_EXERCISE MATERIALS:_

lemma fps2_power_nth_agree:
  fixes Q Q' :: "'a::comm_ring_1 fps fps"
  assumes "\<And>j. Q $ j $ 0 = 0" "\<And>j. Q' $ j $ 0 = 0"
    and agree: "\<And>a b. a < i \<Longrightarrow> b \<le> h \<Longrightarrow> Q $ b $ a = Q' $ b $ a"
    and "2 \<le> k" "b \<le> h"
  shows "(Q ^ k) $ b $ i = (Q' ^ k) $ b $ i"
proof -
  obtain k' where k': "k = Suc k'" "1 \<le> k'" using assms(4) by (cases k) auto
  have "Q $ b1 $ a1 * (Q ^ k') $ (b - b1) $ (i - a1) = Q' $ b1 $ a1 * (Q' ^ k') $ (b - b1) $ (i - a1)"
    if "b1 \<le> b" "a1 \<le> i" for a1 b1
  proof (cases "a1 = 0 \<or> a1 = i")
    case True
    then show ?thesis
      using assms(1,2) fps2_power_nth_below[OF assms(1), of 0 k'] fps2_power_nth_below[OF assms(2), of 0 k']
        k'
      by auto
  next
    case False
    then have "(Q ^ k') $ (b - b1) $ (i - a1) = (Q' ^ k') $ (b - b1) $ (i - a1)"
      using that assms(5) by (intro fps2_power_nth_local agree) auto
    then show ?thesis using False that assms(5) agree by auto
  qed
  then show ?thesis
    unfolding k' power_Suc fps2_mult_nth by (intro sum.cong refl) auto
qed

text \<open>Write \<open>Q = a(y) + B\<close> with \<open>B(0, y) = 0\<close> and \<open>a\<close> of order \<open>v \<ge> 1\<close>. In the binomial expansion of
  \<open>Q\<^sup>n\<close>, the terms with \<open>a\<^sup>k\<close>, \<open>k \<ge> 2\<close>, have order \<open>> v\<close> in \<open>y\<close> and \<open>B\<^sup>n\<close> has order \<open>\<ge> n\<close> in \<open>x\<close>.\<close>

lemma fps2_power_nth_pure_y_order:
  fixes Q :: "'a::comm_ring_1 fps fps"
  assumes "Q $ 0 $ 0 = 0" "\<And>j. j < v \<Longrightarrow> Q $ j $ 0 = 0" "1 \<le> v" "1 \<le> n"
  shows "(Q ^ n) $ v $ (n - 1) = of_nat n * Q $ v $ 0 * (Q $ 0 $ 1) ^ (n - 1)"
proof -
  define A :: "'a fps fps" where "A = Abs_fps (\<lambda>j. fps_const (Q $ j $ 0))"
  define B where "B = Q - A"
  have A_below: "A $ i = 0" if "i < v" for i
    using that assms(2) by (simp add: A_def)
  have A_power: "(A ^ k) $ b = 0" if "2 \<le> k" "b \<le> v" for k b
    using fps_power_nth_below_order[OF A_below assms(3) that] .
  have B_x0: "B $ i $ 0 = 0" for i by (simp add: B_def A_def)
  have B_y0: "B $ 0 = Q $ 0" using assms(1) by (intro fps_ext) (simp add: B_def A_def)
  have "Q ^ n = (\<Sum>k\<le>n. of_nat (n choose k) * A ^ k * B ^ (n - k))"
    unfolding B_def by (subst binomial_ring[symmetric]) simp
  then have "(Q ^ n) $ v = (\<Sum>k\<le>n. (of_nat (n choose k) * A ^ k * B ^ (n - k)) $ v)"
    by (simp add: fps_sum_nth)
  also have "\<dots> = (\<Sum>k\<in>{0, 1}. (of_nat (n choose k) * A ^ k * B ^ (n - k)) $ v)"
  proof (intro sum.mono_neutral_right ballI)
    fix k assume "k \<in> {..n} - {0, 1}"
    then have "2 \<le> k" by auto
    then show "(of_nat (n choose k) * A ^ k * B ^ (n - k)) $ v = 0"
      by (auto simp: fps_mult_nth A_power fps_of_nat[symmetric] mult.assoc intro!: sum.neutral)
  qed (use assms(4) in auto)
  also have "\<dots> = B ^ n $ v + of_nat n * (A $ v * (B ^ (n - 1)) $ 0)"
  proof -
    have "(A * B ^ (n - 1)) $ v = A $ v * (B ^ (n - 1)) $ 0"
      unfolding fps_mult_nth by (subst sum.remove[of _ v]) (auto intro!: sum.neutral simp: A_below)
    then show ?thesis by (simp add: fps_of_nat[symmetric] mult.assoc One_nat_def)
  qed
  finally have "(Q ^ n) $ v $ (n - 1) =
      (B ^ n) $ v $ (n - 1) + of_nat n * (A $ v * (Q $ 0) ^ (n - 1)) $ (n - 1)"
    by (simp add: B_y0 fps_power_zeroth)
  also have "(B ^ n) $ v $ (n - 1) = 0"
    using fps2_power_nth_below[OF B_x0, of "n - 1" n] assms(4) by simp
  also have "(A $ v * (Q $ 0) ^ (n - 1)) $ (n - 1) = Q $ v $ 0 * (Q $ 0 $ 1) ^ (n - 1)"
    by (simp add: A_def startsby_zero_power_nth_same assms(1))
  finally show ?thesis by (simp add: mult.assoc)
qed

lemma fps2_nilpotent_imp_x0_eq_0:
  fixes Q :: "'a::{idom,ring_char_0} fps fps"
  assumes nil: "\<And>i j. i < n \<Longrightarrow> j < n \<Longrightarrow> (Q ^ n) $ j $ i = 0"
    and lin: "Q $ 0 $ 1 \<noteq> 0"
    and supp: "\<And>j. n \<le> j \<Longrightarrow> Q $ j $ 0 = 0"
    and n: "1 \<le> n"
  shows "Q $ j $ 0 = 0"
proof (rule ccontr)
  assume "Q $ j $ 0 \<noteq> 0"
  then obtain v where v: "Q $ v $ 0 \<noteq> 0" "\<And>j. j < v \<Longrightarrow> Q $ j $ 0 = 0"
    using exists_least_iff[of "\<lambda>j. Q $ j $ 0 \<noteq> 0"] by blast
  have "(Q $ 0 $ 0) ^ n = 0"
    using nil[of 0 0] n by (simp add: fps_power_zeroth)
  then have Q00: "Q $ 0 $ 0 = 0" by simp
  then have "1 \<le> v" using v(1) by (cases v) auto
  have "v < n" using v(1) supp[of v] by (auto simp: not_less[symmetric])
  have "of_nat n * Q $ v $ 0 * (Q $ 0 $ 1) ^ (n - 1) = 0"
    using fps2_power_nth_pure_y_order[OF Q00 v(2) \<open>1 \<le> v\<close> n] nil \<open>v < n\<close> n by simp
  then show False using v(1) lin n by simp
qed

section \<open>Coalgebra morphisms and regular magmas\<close>

text \<open>A coalgebra morphism \<open>m\<close> is determined by the bivariate series of its degree-one
  structure constants: \<open>m i j k\<close> is the coefficient of \<open>x\<^sup>i y\<^sup>j\<close> in its \<open>k\<close>-th power.\<close>

definition deg1_series :: "nat \<Rightarrow> 'a::zero sconst \<Rightarrow> 'a fps fps" where
  "deg1_series n m = fps2 (\<lambda>i j. if i < n \<and> j < n then m i j 1 else 0)"

lemma deg1_series_nth: "deg1_series n m $ j $ i = (if i < n \<and> j < n then m i j 1 else 0)"
  by (simp add: deg1_series_def)

lemma coalg_morph_counit:
  "coalg_morph n m \<Longrightarrow> i < n \<Longrightarrow> j < n \<Longrightarrow> m i j 0 = (if i = 0 \<and> j = 0 then 1 else 0)"
  unfolding coalg_morph_def by blast

lemma coalg_morph_comult:
  assumes "coalg_morph n m" "i < n" "j < n" "k1 < n" "k2 < n"
  shows "(if k1 + k2 < n then m i j (k1 + k2) else 0) =
        (\<Sum>i1\<le>i. \<Sum>j1\<le>j. m i1 j1 k1 * m (i - i1) (j - j1) k2)"
  using assms unfolding coalg_morph_def by blast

_AIM OF THE EXERCISE:_
Provide a faithful, complete copy of the entries above.

_THE COMPLETED TASK:_
lemma fps2_power_nth_agree:
  fixes Q Q' :: "'a::comm_ring_1 fps fps"
  assumes "\<And>j. Q $ j $ 0 = 0" "\<And>j. Q' $ j $ 0 = 0"
    and agree: "\<And>a b. a < i \<Longrightarrow> b \<le> h \<Longrightarrow> Q $ b $ a = Q' $ b $ a"
    and "2 \<le> k" "b \<le> h"
  shows "(Q ^ k) $ b $ i = (Q' ^ k) $ b $ i"
proof -
  obtain k' where k': "k = Suc k'" "1 \<le> k'" using assms(4) by (cases k) auto
  have "Q $ b1 $ a1 * (Q ^ k') $ (b - b1) $ (i - a1) = Q' $ b1 $ a1 * (Q' ^ k') $ (b - b1) $ (i - a1)"
    if "b1 \<le> b" "a1 \<le> i" for a1 b1
  proof (cases "a1 = 0 \<or> a1 = i")
    case True
    then show ?thesis
      using assms(1,2) fps2_power_nth_below[OF assms(1), of 0 k'] fps2_power_nth_below[OF assms(2), of 0 k']
        k'
      by auto
  next
    case False
    then have "(Q ^ k') $ (b - b1) $ (i - a1) = (Q' ^ k') $ (b - b1) $ (i - a1)"
      using that assms(5) by (intro fps2_power_nth_local agree) auto
    then show ?thesis using False that assms(5) agree by auto
  qed
  then show ?thesis
    unfolding k' power_Suc fps2_mult_nth by (intro sum.cong refl) auto
qed

text \<open>Write \<open>Q = a(y) + B\<close> with \<open>B(0, y) = 0\<close> and \<open>a\<close> of order \<open>v \<ge> 1\<close>. In the binomial expansion of
  \<open>Q\<^sup>n\<close>, the terms with \<open>a\<^sup>k\<close>, \<open>k \<ge> 2\<close>, have order \<open>> v\<close> in \<open>y\<close> and \<open>B\<^sup>n\<close> has order \<open>\<ge> n\<close> in \<open>x\<close>.\<close>

lemma fps2_power_nth_pure_y_order:
  fixes Q :: "'a::comm_ring_1 fps fps"
  assumes "Q $ 0 $ 0 = 0" "\<And>j. j < v \<Longrightarrow> Q $ j $ 0 = 0" "1 \<le> v" "1 \<le> n"
  shows "(Q ^ n) $ v $ (n - 1) = of_nat n * Q $ v $ 0 * (Q $ 0 $ 1) ^ (n - 1)"
proof -
  define A :: "'a fps fps" where "A = Abs_fps (\<lambda>j. fps_const (Q $ j $ 0))"
  define B where "B = Q - A"
  have A_below: "A $ i = 0" if "i < v" for i
    using that assms(2) by (simp add: A_def)
  have A_power: "(A ^ k) $ b = 0" if "2 \<le> k" "b \<le> v" for k b
    using fps_power_nth_below_order[OF A_below assms(3) that] .
  have B_x0: "B $ i $ 0 = 0" for i by (simp add: B_def A_def)
  have B_y0: "B $ 0 = Q $ 0" using assms(1) by (intro fps_ext) (simp add: B_def A_def)
  have "Q ^ n = (\<Sum>k\<le>n. of_nat (n choose k) * A ^ k * B ^ (n - k))"
    unfolding B_def by (subst binomial_ring[symmetric]) simp
  then have "(Q ^ n) $ v = (\<Sum>k\<le>n. (of_nat (n choose k) * A ^ k * B ^ (n - k)) $ v)"
    by (simp add: fps_sum_nth)
  also have "\<dots> = (\<Sum>k\<in>{0, 1}. (of_nat (n choose k) * A ^ k * B ^ (n - k)) $ v)"
  proof (intro sum.mono_neutral_right ballI)
    fix k assume "k \<in> {..n} - {0, 1}"
    then have "2 \<le> k" by auto
    then show "(of_nat (n choose k) * A ^ k * B ^ (n - k)) $ v = 0"
      by (auto simp: fps_mult_nth A_power fps_of_nat[symmetric] mult.assoc intro!: sum.neutral)
  qed (use assms(4) in auto)
  also have "\<dots> = B ^ n $ v + of_nat n * (A $ v * (B ^ (n - 1)) $ 0)"
  proof -
    have "(A * B ^ (n - 1)) $ v = A $ v * (B ^ (n - 1)) $ 0"
      unfolding fps_mult_nth by (subst sum.remove[of _ v]) (auto intro!: sum.neutral simp: A_below)
    then show ?thesis by (simp add: fps_of_nat[symmetric] mult.assoc One_nat_def)
  qed
  finally have "(Q ^ n) $ v $ (n - 1) =
      (B ^ n) $ v $ (n - 1) + of_nat n * (A $ v * (Q $ 0) ^ (n - 1)) $ (n - 1)"
    by (simp add: B_y0 fps_power_zeroth)
  also have "(B ^ n) $ v $ (n - 1) = 0"
    using fps2_power_nth_below[OF B_x0, of "n - 1" n] assms(4) by simp
  also have "(A $ v * (Q $ 0) ^ (n - 1)) $ (n - 1) = Q $ v $ 0 * (Q $ 0 $ 1) ^ (n - 1)"
    by (simp add: A_def startsby_zero_power_nth_same assms(1))
  finally show ?thesis by (simp add: mult.assoc)
qed

lemma fps2_nilpotent_imp_x0_eq_0:
  fixes Q :: "'a::{idom,ring_char_0} fps fps"
  assumes nil: "\<And>i j. i < n \<Longrightarrow> j < n \<Longrightarrow> (Q ^ n) $ j $ i = 0"
    and lin: "Q $ 0 $ 1 \<noteq> 0"
    and supp: "\<And>j. n \<le> j \<Longrightarrow> Q $ j $ 0 = 0"
    and n: "1 \<le> n"
  shows "Q $ j $ 0 = 0"
proof (rule ccontr)
  assume "Q $ j $ 0 \<noteq> 0"
  then obtain v where v: "Q $ v $ 0 \<noteq> 0" "\<And>j. j < v \<Longrightarrow> Q $ j $ 0 = 0"
    using exists_least_iff[of "\<lambda>j. Q $ j $ 0 \<noteq> 0"] by blast
  have "(Q $ 0 $ 0) ^ n = 0"
    using nil[of 0 0] n by (simp add: fps_power_zeroth)
  then have Q00: "Q $ 0 $ 0 = 0" by simp
  then have "1 \<le> v" using v(1) by (cases v) auto
  have "v < n" using v(1) supp[of v] by (auto simp: not_less[symmetric])
  have "of_nat n * Q $ v $ 0 * (Q $ 0 $ 1) ^ (n - 1) = 0"
    using fps2_power_nth_pure_y_order[OF Q00 v(2) \<open>1 \<le> v\<close> n] nil \<open>v < n\<close> n by simp
  then show False using v(1) lin n by simp
qed

section \<open>Coalgebra morphisms and regular magmas\<close>

text \<open>A coalgebra morphism \<open>m\<close> is determined by the bivariate series of its degree-one
  structure constants: \<open>m i j k\<close> is the coefficient of \<open>x\<^sup>i y\<^sup>j\<close> in its \<open>k\<close>-th power.\<close>

definition deg1_series :: "nat \<Rightarrow> 'a::zero sconst \<Rightarrow> 'a fps fps" where
  "deg1_series n m = fps2 (\<lambda>i j. if i < n \<and> j < n then m i j 1 else 0)"

lemma deg1_series_nth: "deg1_series n m $ j $ i = (if i < n \<and> j < n then m i j 1 else 0)"
  by (simp add: deg1_series_def)

lemma coalg_morph_counit:
  "coalg_morph n m \<Longrightarrow> i < n \<Longrightarrow> j < n \<Longrightarrow> m i j 0 = (if i = 0 \<and> j = 0 then 1 else 0)"
  unfolding coalg_morph_def by blast

lemma coalg_morph_comult:
  assumes "coalg_morph n m" "i < n" "j < n" "k1 < n" "k2 < n"
  shows "(if k1 + k2 < n then m i j (k1 + k2) else 0) =
        (\<Sum>i1\<le>i. \<Sum>j1\<le>j. m i1 j1 k1 * m (i - i1) (j - j1) k2)"
  using assms unfolding coalg_morph_def by blast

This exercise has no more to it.